§ DATA IN THIS EXERCISE:

##########

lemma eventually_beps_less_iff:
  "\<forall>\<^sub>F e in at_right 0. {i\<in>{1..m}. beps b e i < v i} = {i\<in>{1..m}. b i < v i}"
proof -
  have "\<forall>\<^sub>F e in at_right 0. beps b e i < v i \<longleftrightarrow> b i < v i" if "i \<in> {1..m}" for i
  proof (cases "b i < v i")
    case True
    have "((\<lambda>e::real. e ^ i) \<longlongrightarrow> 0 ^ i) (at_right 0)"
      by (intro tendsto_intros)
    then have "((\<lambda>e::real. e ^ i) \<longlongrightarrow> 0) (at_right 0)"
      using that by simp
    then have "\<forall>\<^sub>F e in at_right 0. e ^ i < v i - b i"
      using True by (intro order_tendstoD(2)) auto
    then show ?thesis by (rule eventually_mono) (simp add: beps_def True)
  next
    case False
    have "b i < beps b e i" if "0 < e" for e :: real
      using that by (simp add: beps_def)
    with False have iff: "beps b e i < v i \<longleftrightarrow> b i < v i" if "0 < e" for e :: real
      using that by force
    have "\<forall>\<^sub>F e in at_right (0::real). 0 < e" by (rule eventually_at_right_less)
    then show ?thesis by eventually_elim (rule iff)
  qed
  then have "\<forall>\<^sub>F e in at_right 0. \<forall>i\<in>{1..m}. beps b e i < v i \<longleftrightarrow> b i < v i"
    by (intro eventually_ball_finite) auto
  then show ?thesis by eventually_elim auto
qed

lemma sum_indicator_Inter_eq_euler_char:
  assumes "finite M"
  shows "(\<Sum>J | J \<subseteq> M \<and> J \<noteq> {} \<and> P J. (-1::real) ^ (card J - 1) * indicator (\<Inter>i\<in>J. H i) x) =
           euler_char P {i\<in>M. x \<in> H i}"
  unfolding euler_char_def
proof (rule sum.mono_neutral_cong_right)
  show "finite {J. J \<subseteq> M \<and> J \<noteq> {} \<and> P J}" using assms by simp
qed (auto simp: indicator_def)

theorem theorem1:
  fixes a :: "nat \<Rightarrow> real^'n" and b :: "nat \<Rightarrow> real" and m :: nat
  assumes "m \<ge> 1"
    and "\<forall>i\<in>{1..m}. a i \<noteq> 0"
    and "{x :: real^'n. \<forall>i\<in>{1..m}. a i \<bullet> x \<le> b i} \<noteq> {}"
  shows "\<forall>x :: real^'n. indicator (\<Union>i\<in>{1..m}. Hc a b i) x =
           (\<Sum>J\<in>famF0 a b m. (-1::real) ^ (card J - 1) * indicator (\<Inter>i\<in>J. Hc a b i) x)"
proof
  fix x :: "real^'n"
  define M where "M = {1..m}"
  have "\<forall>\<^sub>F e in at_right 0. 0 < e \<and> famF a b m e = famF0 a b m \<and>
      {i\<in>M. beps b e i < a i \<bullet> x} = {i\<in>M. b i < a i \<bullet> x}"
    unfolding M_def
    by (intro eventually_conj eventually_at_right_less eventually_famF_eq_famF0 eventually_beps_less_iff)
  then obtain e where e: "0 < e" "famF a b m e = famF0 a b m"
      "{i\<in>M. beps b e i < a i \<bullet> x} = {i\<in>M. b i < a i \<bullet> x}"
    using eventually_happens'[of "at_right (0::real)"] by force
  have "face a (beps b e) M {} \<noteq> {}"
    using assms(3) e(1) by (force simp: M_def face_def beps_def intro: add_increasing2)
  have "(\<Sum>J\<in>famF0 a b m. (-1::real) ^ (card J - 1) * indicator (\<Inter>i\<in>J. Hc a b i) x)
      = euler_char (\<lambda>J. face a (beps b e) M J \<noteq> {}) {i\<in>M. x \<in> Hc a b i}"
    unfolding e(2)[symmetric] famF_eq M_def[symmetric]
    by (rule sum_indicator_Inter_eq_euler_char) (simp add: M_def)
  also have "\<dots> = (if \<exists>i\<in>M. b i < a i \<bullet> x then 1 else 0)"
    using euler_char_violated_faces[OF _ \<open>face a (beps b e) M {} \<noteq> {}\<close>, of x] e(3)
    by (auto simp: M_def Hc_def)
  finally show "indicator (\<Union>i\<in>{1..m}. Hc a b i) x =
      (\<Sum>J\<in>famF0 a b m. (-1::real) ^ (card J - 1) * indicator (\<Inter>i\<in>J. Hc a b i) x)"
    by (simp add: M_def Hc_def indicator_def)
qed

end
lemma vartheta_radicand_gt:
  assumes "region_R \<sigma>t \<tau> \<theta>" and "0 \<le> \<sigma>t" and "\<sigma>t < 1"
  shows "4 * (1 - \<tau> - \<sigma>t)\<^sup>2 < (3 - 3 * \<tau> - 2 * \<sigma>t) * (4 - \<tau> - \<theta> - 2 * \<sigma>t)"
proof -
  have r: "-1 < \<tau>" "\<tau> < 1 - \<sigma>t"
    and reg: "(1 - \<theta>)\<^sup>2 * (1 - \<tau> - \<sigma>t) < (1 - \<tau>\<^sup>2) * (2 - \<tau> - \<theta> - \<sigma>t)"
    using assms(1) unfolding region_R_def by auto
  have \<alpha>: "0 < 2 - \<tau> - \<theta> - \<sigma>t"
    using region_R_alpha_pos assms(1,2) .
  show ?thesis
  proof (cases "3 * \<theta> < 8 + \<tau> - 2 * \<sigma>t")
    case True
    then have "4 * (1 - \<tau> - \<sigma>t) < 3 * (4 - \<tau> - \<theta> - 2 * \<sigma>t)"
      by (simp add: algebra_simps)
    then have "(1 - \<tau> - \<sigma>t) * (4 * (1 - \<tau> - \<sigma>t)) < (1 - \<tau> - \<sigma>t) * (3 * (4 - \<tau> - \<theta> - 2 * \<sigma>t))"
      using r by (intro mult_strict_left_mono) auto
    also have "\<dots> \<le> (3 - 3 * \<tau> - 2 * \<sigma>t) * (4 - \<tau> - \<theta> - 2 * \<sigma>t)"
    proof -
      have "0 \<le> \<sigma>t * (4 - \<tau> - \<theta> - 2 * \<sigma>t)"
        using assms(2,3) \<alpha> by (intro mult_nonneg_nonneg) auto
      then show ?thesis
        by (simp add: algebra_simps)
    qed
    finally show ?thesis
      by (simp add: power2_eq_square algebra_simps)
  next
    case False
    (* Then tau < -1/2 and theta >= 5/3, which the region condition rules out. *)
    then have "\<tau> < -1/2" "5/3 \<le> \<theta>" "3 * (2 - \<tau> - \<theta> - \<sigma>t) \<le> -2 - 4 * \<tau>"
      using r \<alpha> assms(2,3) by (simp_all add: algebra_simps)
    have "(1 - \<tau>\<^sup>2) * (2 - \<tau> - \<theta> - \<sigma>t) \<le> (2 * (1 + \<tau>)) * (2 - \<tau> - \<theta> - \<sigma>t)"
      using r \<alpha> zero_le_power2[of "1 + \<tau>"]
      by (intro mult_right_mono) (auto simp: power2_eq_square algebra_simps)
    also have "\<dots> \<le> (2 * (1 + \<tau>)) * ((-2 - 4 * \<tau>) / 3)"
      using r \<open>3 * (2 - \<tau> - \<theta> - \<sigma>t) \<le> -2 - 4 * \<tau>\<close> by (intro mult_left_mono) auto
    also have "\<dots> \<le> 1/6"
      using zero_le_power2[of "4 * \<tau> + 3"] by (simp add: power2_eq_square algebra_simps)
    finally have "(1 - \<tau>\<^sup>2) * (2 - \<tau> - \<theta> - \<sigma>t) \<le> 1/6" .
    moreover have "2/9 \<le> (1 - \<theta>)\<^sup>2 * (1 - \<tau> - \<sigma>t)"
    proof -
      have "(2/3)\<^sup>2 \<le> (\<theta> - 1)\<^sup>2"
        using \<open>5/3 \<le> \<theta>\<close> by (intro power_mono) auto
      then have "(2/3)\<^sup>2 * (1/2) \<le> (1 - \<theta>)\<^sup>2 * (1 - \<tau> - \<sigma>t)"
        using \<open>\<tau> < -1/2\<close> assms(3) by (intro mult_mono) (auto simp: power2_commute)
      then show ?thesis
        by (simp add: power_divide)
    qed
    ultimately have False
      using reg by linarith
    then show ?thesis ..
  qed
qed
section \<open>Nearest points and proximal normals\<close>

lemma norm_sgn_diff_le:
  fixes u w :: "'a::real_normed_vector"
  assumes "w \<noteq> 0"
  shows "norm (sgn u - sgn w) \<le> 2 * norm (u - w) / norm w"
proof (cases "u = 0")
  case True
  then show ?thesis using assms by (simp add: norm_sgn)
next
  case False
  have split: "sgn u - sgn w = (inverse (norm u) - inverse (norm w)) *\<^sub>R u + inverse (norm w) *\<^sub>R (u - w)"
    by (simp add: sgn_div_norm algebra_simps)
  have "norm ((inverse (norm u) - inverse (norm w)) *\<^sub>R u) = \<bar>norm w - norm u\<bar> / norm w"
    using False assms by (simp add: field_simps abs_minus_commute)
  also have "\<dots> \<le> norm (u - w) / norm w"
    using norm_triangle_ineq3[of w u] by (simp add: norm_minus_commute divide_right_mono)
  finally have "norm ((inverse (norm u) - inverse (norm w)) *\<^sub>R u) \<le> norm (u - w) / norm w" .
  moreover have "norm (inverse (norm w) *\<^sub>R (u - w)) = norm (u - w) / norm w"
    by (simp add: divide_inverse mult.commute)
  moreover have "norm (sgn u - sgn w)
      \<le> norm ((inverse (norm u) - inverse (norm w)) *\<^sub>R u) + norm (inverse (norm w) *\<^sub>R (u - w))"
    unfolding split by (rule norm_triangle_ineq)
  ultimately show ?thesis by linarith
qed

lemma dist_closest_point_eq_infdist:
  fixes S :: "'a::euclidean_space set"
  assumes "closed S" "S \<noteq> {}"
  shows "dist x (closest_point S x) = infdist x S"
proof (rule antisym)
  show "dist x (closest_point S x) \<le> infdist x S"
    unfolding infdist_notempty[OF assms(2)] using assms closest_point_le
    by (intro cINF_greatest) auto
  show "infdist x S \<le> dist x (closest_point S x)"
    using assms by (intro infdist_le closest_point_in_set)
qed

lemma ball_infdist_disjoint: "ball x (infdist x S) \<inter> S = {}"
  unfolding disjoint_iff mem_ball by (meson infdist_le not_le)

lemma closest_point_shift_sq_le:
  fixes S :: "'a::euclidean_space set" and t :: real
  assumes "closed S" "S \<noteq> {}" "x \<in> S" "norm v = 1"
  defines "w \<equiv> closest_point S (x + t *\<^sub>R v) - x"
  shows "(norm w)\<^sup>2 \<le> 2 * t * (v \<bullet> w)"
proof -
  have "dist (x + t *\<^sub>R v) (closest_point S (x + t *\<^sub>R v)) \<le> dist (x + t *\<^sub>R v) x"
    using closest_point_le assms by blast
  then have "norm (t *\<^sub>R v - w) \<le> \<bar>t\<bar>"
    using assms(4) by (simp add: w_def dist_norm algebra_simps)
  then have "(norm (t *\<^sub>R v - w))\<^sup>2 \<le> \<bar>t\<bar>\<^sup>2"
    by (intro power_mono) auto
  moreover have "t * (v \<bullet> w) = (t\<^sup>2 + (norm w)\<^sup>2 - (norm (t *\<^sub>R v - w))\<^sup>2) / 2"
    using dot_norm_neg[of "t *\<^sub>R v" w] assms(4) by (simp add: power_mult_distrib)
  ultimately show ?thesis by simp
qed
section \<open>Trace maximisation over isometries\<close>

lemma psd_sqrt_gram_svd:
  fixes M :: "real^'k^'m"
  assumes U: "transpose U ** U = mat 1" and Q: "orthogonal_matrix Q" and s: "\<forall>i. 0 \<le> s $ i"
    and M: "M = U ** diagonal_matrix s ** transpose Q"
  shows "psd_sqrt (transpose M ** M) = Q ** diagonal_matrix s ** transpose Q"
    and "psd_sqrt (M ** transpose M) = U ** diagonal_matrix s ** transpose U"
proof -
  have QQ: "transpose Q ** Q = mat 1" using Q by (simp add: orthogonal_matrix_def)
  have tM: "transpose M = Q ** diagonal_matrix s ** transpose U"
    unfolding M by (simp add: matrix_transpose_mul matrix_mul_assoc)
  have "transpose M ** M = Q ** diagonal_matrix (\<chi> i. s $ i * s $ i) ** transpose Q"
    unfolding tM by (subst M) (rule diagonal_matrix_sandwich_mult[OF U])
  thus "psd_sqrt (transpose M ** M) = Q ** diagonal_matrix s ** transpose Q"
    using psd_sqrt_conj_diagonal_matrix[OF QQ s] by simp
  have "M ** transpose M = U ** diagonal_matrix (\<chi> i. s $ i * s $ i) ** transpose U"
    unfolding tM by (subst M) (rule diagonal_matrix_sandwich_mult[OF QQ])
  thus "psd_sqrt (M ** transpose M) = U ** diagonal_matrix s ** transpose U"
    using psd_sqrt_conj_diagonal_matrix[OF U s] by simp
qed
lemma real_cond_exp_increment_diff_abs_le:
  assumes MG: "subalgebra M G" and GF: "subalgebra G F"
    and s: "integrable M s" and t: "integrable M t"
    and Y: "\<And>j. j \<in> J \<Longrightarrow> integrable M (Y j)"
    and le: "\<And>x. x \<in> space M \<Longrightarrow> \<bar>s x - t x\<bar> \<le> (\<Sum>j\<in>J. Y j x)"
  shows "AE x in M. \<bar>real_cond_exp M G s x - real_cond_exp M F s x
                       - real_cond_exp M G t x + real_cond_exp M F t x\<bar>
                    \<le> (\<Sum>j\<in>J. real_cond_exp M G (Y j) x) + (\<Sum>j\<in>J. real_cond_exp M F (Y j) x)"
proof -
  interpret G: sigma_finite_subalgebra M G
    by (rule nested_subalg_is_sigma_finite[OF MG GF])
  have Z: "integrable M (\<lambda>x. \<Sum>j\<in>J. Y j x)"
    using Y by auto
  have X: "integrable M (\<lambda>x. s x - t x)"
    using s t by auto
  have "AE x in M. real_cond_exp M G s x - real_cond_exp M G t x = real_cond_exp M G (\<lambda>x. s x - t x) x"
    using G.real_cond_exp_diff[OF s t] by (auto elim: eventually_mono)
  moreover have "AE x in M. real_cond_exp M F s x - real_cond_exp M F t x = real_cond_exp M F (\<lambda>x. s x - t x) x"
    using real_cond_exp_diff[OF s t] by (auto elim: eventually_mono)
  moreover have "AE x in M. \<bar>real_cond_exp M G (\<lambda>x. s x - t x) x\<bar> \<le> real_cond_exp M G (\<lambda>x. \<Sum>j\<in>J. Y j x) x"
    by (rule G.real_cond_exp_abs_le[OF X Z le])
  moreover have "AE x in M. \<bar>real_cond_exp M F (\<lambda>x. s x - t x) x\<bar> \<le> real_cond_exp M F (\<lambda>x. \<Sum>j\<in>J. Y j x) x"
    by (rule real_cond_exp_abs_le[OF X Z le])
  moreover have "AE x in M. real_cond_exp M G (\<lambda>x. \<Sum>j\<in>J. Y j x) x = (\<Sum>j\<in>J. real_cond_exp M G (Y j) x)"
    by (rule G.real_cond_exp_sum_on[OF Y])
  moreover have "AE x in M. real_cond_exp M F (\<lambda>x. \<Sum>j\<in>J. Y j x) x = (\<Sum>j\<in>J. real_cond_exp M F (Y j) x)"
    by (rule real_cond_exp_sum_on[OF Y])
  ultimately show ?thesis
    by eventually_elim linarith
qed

##########

§ TASK BRIEF: Set down exactly the lines from the start of the records to the line with "i < beps b e". Include that line, and add nothing more.

§ ANSWER BELOW:
lemma eventually_beps_less_iff:
  "\<forall>\<^sub>F e in at_right 0. {i\<in>{1..m}. beps b e i < v i} = {i\<in>{1..m}. b i < v i}"
proof -
  have "\<forall>\<^sub>F e in at_right 0. beps b e i < v i \<longleftrightarrow> b i < v i" if "i \<in> {1..m}" for i
  proof (cases "b i < v i")
    case True
    have "((\<lambda>e::real. e ^ i) \<longlongrightarrow> 0 ^ i) (at_right 0)"
      by (intro tendsto_intros)
    then have "((\<lambda>e::real. e ^ i) \<longlongrightarrow> 0) (at_right 0)"
      using that by simp
    then have "\<forall>\<^sub>F e in at_right 0. e ^ i < v i - b i"
      using True by (intro order_tendstoD(2)) auto
    then show ?thesis by (rule eventually_mono) (simp add: beps_def True)
  next
    case False
    have "b i < beps b e i" if "0 < e" for e :: real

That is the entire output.